The Best Things To See and Do in Nebraska
BY JILL WEINLEIN
Known as a ‘Flyover state’, Nebraska is one of the American states that is perceived as not on the top of everyone’s list. Most people just fly over when traveling coast to coast. This summer I decided to touch down in Denver, Colorado and drive with some friends to see the surprising sights of the 37th state admitted into the union. We discovered a scenic state filled with friendly people, historical sights, natural wonders and a diverse culinary scene.
Nebraska offers some of the most popular scenic byways including the Lewis & Clark Scenic Byway, the Outlaw Trail Scenic Byway, and the Sandhills Journey Scenic Byway.
Along the Lincoln Highway which stretches from Times Square NYC to San Francisco is about 450 miles of byways through Nebraska. One of our first notable stops was in the charming historic town of Potter. It’s just a minute off of I-80 in the Nebraska Panhandle and about a two and a half hour drive from the Denver International airport.
Stopping for a meal at The Potter Sundry, we were surprised that this historic soda fountain was where the Tin Roof Sundae was created. Back in the early 1900s, the owner’s teenage son “Pinky” was a soda jerk. One day while scooping chocolate and vanilla ice cream, he topped it with chocolate syrup, added fluffy marshmallow cream and nuts. Since the ceiling of the building was tin, he named this cool dessert – Tin Roof Sundae, and it soon became a town and later national sensation.
Walking down to Potter’s Duckpin Bowling Alley, we climbed up a flight of wood stairs to the historic three lane Duckpin bowling alley. Built between the 1920s and 1930s, this is the only one of its kind west of the Mississippi. After a few games, we got back in our car, and drove Northwest on the scenic Bridges to Buttes byway to Crawford, known as the “Big Game Capital of Nebraska.” It was a pretty three hour drive through vast prairies and unique geological formations that are national treasures.
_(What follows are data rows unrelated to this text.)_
lemma Pi_pmf_prob_Inter_local_events:
  fixes E :: "'i \<Rightarrow> ('a \<Rightarrow> 'b::countable) set"
  assumes "finite A" "finite W" "\<And>w. w \<in> W \<Longrightarrow> B w \<subseteq> A" "disjoint_family_on B W"
    and local: "\<And>w f g. w \<in> W \<Longrightarrow> (\<And>x. x \<in> B w \<Longrightarrow> f x = g x) \<Longrightarrow> f \<in> E w \<longleftrightarrow> g \<in> E w"
  shows "measure_pmf.prob (Pi_pmf A d p) (\<Inter>w\<in>W. E w)
           = (\<Prod>w\<in>W. measure_pmf.prob (Pi_pmf A d p) (E w))"
proof (cases "W = {}")
  case False
  let ?M = "measure_pmf (Pi_pmf A d p)"
  let ?R = "\<lambda>w f. restrict f (B w)"
  have indep: "prob_space.indep_vars ?M (\<lambda>w. PiM (B w) (\<lambda>_. count_space UNIV)) ?R W"
    using prob_space.indep_vars_restrict[OF measure_pmf.prob_space_axioms
        indep_vars_Pi_pmf[OF assms(1)] assms(3,4)] by simp
  have E_eq: "E w = ?R w -` (?R w ` E w)" if "w \<in> W" for w
  proof (intro subset_antisym subsetI)
    fix f assume "f \<in> ?R w -` (?R w ` E w)"
    then obtain g where "g \<in> E w" "restrict f (B w) = restrict g (B w)" by auto
    then show "f \<in> E w" using local[OF that, of f g] by (metis restrict_apply')
  qed auto
  have measurable: "?R w ` E w \<in> sets (PiM (B w) (\<lambda>_. count_space UNIV))" if "w \<in> W" for w
  proof -
    have "finite (B w)" using assms(1,3) that by (meson finite_subset)
    then show ?thesis by (subst count_space_PiM_finite) auto
  qed
  have "measure_pmf.prob (Pi_pmf A d p) (\<Inter>w\<in>W. ?R w -` (?R w ` E w) \<inter> space ?M)
      = (\<Prod>w\<in>W. measure_pmf.prob (Pi_pmf A d p) (?R w -` (?R w ` E w) \<inter> space ?M))"
    by (rule prob_space.indep_varsD_finite[OF measure_pmf.prob_space_axioms indep False assms(2)])
      (rule measurable)
  then show ?thesis using E_eq by (simp cong: INF_cong prod.cong)
qed simp

lemma Pi_pmf_bernoulli_prob_all:
  assumes "finite A" "B \<subseteq> A" "\<And>x. x \<in> A \<Longrightarrow> 0 \<le> q x \<and> q x \<le> 1"
  shows "measure_pmf.prob (Pi_pmf A False (\<lambda>x. bernoulli_pmf (q x))) {f. \<forall>x\<in>B. f x}
           = (\<Prod>x\<in>B. q x)"
proof -
  have "{f. \<forall>x\<in>B. f x} = Pi A (\<lambda>x. if x \<in> B then {True} else UNIV)"
    using assms(2) by (auto simp: Pi_def)
  then have "measure_pmf.prob (Pi_pmf A False (\<lambda>x. bernoulli_pmf (q x))) {f. \<forall>x\<in>B. f x}
      = (\<Prod>x\<in>A. measure_pmf.prob (bernoulli_pmf (q x)) (if x \<in> B then {True} else UNIV))"
    using measure_Pi_pmf_Pi[OF assms(1)] by simp
  also have "\<dots> = (\<Prod>x\<in>A. if x \<in> B then q x else 1)"
    by (intro prod.cong refl) (use assms(3) in \<open>auto simp: measure_pmf_single\<close>)
  also have "\<dots> = (\<Prod>x\<in>B. q x)"
    using assms(1,2) by (simp add: prod.If_cases Int_absorb1)
  finally show ?thesis .
qed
Staying overnight at Our Heritage Guest Ranch, the ranch owner Jean Norman opened to the public her family homestead that is a National Natural Landmark. Her ancestors were provided the land by the federal Homestead Act of 1862, and granted around 160 acres to settle on and farm the land. She now has over 300 acres to raise cattle, farm and offer guest lodging. Surrounding the ranch is unique landscape with pine covered hills that meet badlands and prairie. It’s a unique wedding, family reunion and wellness retreat.
The ranch is just a ten minute drive to Toadstool Geological Park, named after the unusual toadstool geological formations. The area offers fossils that have provided scientists insight into the behavior of animals who passed through this area some 30 million years ago. The wide-open spaces offer limited light pollution in the evening
For one of the darkest spots in Nebraska to see stars, constellations, the Milky Way and International Space Station flying overhead every 90 minutes.
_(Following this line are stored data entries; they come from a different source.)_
definition lam_dx_cert_B :: "real \<Rightarrow> real \<Rightarrow> real \<Rightarrow> real" where
  "lam_dx_cert_B w v u =
     67108864*w*v^5*u^12 + 637534208*w*v^6*u^11 + 2751463424*w*v^7*u^10 + 7130316800*w*v^8*u^9
      + 12352225280*w*v^9*u^8 + 15063842816*w*v^10*u^7 + 13256097792*w*v^11*u^6
      + 8478785536*w*v^12*u^5 + 3911188480*w*v^13*u^4 + 1268776960*w*v^14*u^3 + 274726912*w*v^15*u^2
      + 35651584*w*v^16*u + 2097152*w*v^17 + 805306368*w^2*v^4*u^12 + 7616856064*w^2*v^5*u^11
      + 32916897792*w^2*v^6*u^10 + 85949677568*w^2*v^7*u^9 + 151011721216*w^2*v^8*u^8
      + 188045328384*w^2*v^9*u^7 + 170110484480*w^2*v^10*u^6 + 112581410816*w^2*v^11*u^5
      + 54062481408*w^2*v^12*u^4 + 18356371456*w^2*v^13*u^3 + 4179623936*w^2*v^14*u^2
      + 572522496*w^2*v^15*u + 35651584*w^2*v^16 + 3774873600*w^3*v^3*u^12
      + 36112957440*w^3*v^4*u^11 + 159152865280*w^3*v^5*u^10 + 427011604480*w^3*v^6*u^9
      + 776082554880*w^3*v^7*u^8 + 1005322240000*w^3*v^8*u^7 + 950366371840*w^3*v^9*u^6
      + 659596247040*w^3*v^10*u^5 + 333059194880*w^3*v^11*u^4 + 119149690880*w^3*v^12*u^3
      + 28626124800*w^3*v^13*u^2 + 4141875200*w^3*v^14*u + 272629760*w^3*v^15
      + 8606711808*w^4*v^2*u^12 + 85840625664*w^4*v^3*u^11 + 398513405952*w^4*v^4*u^10
      + 1133902823424*w^4*v^5*u^9 + 2193308516352*w^4*v^6*u^8 + 3027555581952*w^4*v^7*u^7
      + 3049001058304*w^4*v^8*u^6 + 2251840028672*w^4*v^9*u^5 + 1208100061184*w^4*v^10*u^4
      + 458397581312*w^4*v^11*u^3 + 116595359744*w^4*v^12*u^2 + 17825792000*w^4*v^13*u
      + 1237319680*w^4*v^14 + 9512681472*w^5*v*u^12 + 105771958272*w^5*v^2*u^11
      + 550716309504*w^5*v^3*u^10 + 1750465511424*w^5*v^4*u^9 + 3751872036864*w^5*v^5*u^8
      + 5687507681280*w^5*v^6*u^7 + 6237928292352*w^5*v^7*u^6 + 4980478050304*w^5*v^8*u^5
      + 2869935734784*w^5*v^9*u^4 + 1162833035264*w^5*v^10*u^3 + 314130300928*w^5*v^11*u^2
      + 50740592640*w^5*v^12*u + 3701473280*w^5*v^13 + 4076863488*w^6*u^12 + 61832429568*w^6*v*u^11
      + 414594367488*w^6*v^2*u^10 + 1606454083584*w^6*v^3*u^9 + 4033697808384*w^6*v^4*u^8
      + 6967573610496*w^6*v^5*u^7 + 8535807098880*w^6*v^6*u^6 + 7497546989568*w^6*v^7*u^5
      + 4694871113728*w^6*v^8*u^4 + 2045551575040*w^6*v^9*u^3 + 588622331904*w^6*v^10*u^2
      + 100371791872*w^6*v^11*u + 7660896256*w^6*v^12 + 12230590464*w^7*u^11
      + 156959244288*w^7*v*u^10 + 860331442176*w^7*v^2*u^9 + 2731894898688*w^7*v^3*u^8
      + 5634565079040*w^7*v^4*u^7 + 7950991097856*w^7*v^5*u^6 + 7841664466944*w^7*v^6*u^5
      + 5406134894592*w^7*v^7*u^4 + 2551585964032*w^7*v^8*u^3 + 784112549888*w^7*v^9*u^2
      + 140905545728*w^7*v^10*u + 11190403072*w^7*v^11 + 24461180928*w^8*u^10
      + 248009195520*w^8*v*u^9 + 1123628875776*w^8*v^2*u^8 + 2962011193344*w^8*v^3*u^7
      + 5016448401408*w^8*v^4*u^6 + 5698410774528*w^8*v^5*u^5 + 4391914438656*w^8*v^6*u^4
      + 2263131095040*w^8*v^7*u^3 + 744063238144*w^8*v^8*u^2 + 140488212480*w^8*v^9*u
      + 11534336000*w^8*v^10 + 28538044416*w^9*u^9 + 253445013504*w^9*v*u^8
      + 963611983872*w^9*v^2*u^7 + 2081635172352*w^9*v^3*u^6 + 2819056730112*w^9*v^4*u^5
      + 2475291574272*w^9*v^5*u^4 + 1403831451648*w^9*v^6*u^3 + 494005125120*w^9*v^7*u^2
      + 97559511040*w^9*v^8*u + 8220835840*w^9*v^9 + 24461180928*w^10*u^8 + 173266698240*w^10*v*u^7
      + 531464454144*w^10*v^2*u^6 + 904950448128*w^10*v^3*u^5 + 927146704896*w^10*v^4*u^4
      + 582811123712*w^10*v^5*u^3 + 219060109312*w^10*v^6*u^2 + 44962938880*w^10*v^7*u
      + 3858759680*w^10*v^8 + 12230590464*w^11*u^7 + 72704065536*w^11*v*u^6
      + 171001774080*w^11*v^2*u^5 + 209958469632*w^11*v^3*u^4 + 146641256448*w^11*v^4*u^3
      + 58518929408*w^11*v^5*u^2 + 12381585408*w^11*v^6*u + 1073741824*w^11*v^7
      + 4076863488*w^12*u^6 + 14948499456*w^12*v*u^5 + 22196256768*w^12*v^2*u^4
      + 17062428672*w^12*v^3*u^3 + 7147094016*w^12*v^4*u^2 + 1543503872*w^12*v^5*u
      + 134217728*w^12*v^6"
The next morning, we drove in the opposite direction to visit a modern archaeology excavation site at Hudson-Meng Reseach and Education Center. Located in the Oglala National Grassland, visitors can tour one of the most important paleo-archeological discoveries in North America. There are multiple bone bed enclosures displaying ancient skeletons of approximately 600 bison. They aren’t the same species of bison that exist today; these animals lived tens of thousands of years ago on the American plains and mysteriously died here.
Also in the Crawford area is Fort Robinson State Park that was the site of the 1879 Cheyenne Outbreak and the death of famed Sioux Chief Crazy Horse. Over the years, the fort served the Red Cloud Indian Agency, and where blue-coated cavalrymen once bunked. It was established as a state park in 1962, and now offers stagecoach trail rides, historic jeep tours and a visit inside the interactive State History Museum. Stop in the Lodge to stay overnight and enjoy a meal in the restaurant off the lobby and gift shop.
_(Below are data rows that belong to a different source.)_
(* Let $\mathcal T$ be a locally finite tessellation of ${\mathbb X}$ and $T$ a tile of $\mathcal T$. Then the boundary $\partial T$ is the union of the sides of $\mathcal T$ contained in $T$.
   Context: ${\mathbb X}$ is $\mathbb R^n$, the unit sphere $\mathbb S^n$, or hyperbolic $n$-space. A subspace is a complete totally geodesic submanifold; a hyperplane is a subspace of codimension 1; closed half-spaces are the closures of the two components of the complement of a hyperplane. A polyhedron is a nonempty intersection of a family of closed half-spaces whose boundary hyperplanes form a locally finite family; its codimension is that of the smallest subspace containing it and its relative interior $C^r$ is its interior in that subspace; it is thick if it has nonempty interior in ${\mathbb X}$. A tessellation is a set of thick polyhedra (tiles) covering ${\mathbb X}$ with pairwise disjoint interiors; locally finite means every compact set meets only finitely many tiles. A cell is a nonempty intersection $C$ of tiles such that for every tile $T'$ either $C\subseteq T'$ or $C^r\cap T'=\emptyset$; a side is a cell of codimension 1. *)

theory Defs
  imports "HOL-Analysis.Analysis"
begin

text \<open>
  The three model geometries, all realised inside a Euclidean space of type 'a.
  Spherical n-space: the unit sphere of 'a, with n = DIM('a) - 1.
  Hyperbolic n-space: the hyperboloid model (upper sheet) in 'a with respect to
  the Lorentzian form that is negative in the direction of the unit vector e,
  with n = DIM('a) - 1.
\<close>

datatype geom = Euclidean | Spherical | Hyperbolic

definition lorentz :: "'a::euclidean_space \<Rightarrow> 'a \<Rightarrow> 'a \<Rightarrow> real" where
  "lorentz e x y = x \<bullet> y - 2 * (x \<bullet> e) * (y \<bullet> e)"

fun gspace :: "geom \<Rightarrow> 'a::euclidean_space \<Rightarrow> 'a set" where
  "gspace Euclidean e = UNIV"
| "gspace Spherical e = sphere 0 1"
| "gspace Hyperbolic e = {x. lorentz e x x = -1 \<and> x \<bullet> e > 0}"

fun gdim :: "geom \<Rightarrow> 'a::euclidean_space itself \<Rightarrow> nat" where
  "gdim Euclidean _ = DIM('a)"
| "gdim Spherical _ = DIM('a) - 1"
| "gdim Hyperbolic _ = DIM('a) - 1"

text \<open>subspaces = complete totally geodesic submanifolds (nonempty)\<close>
definition is_gsubspace :: "geom \<Rightarrow> 'a::euclidean_space \<Rightarrow> 'a set \<Rightarrow> bool" where
  "is_gsubspace g e S \<longleftrightarrow> S \<noteq> {} \<and>
     (if g = Euclidean then affine S
      else (\<exists>L. subspace L \<and> S = gspace g e \<inter> L))"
Driving about one hour to the city of Alliance, is Carhenge, a whimsical replica of Stonehenge. Built as memorial to the artist Jim Reinders father who lived on this land, Reinders painted 38 classic 1960s and 1970s cars a stone gray color. Next he arranged them in a full scale replica of England’s mystical arrangement of stones that chart the sun and moon phases. It’s open year round, and during the summer there is a gift shop to purchase souvenirs and snacks.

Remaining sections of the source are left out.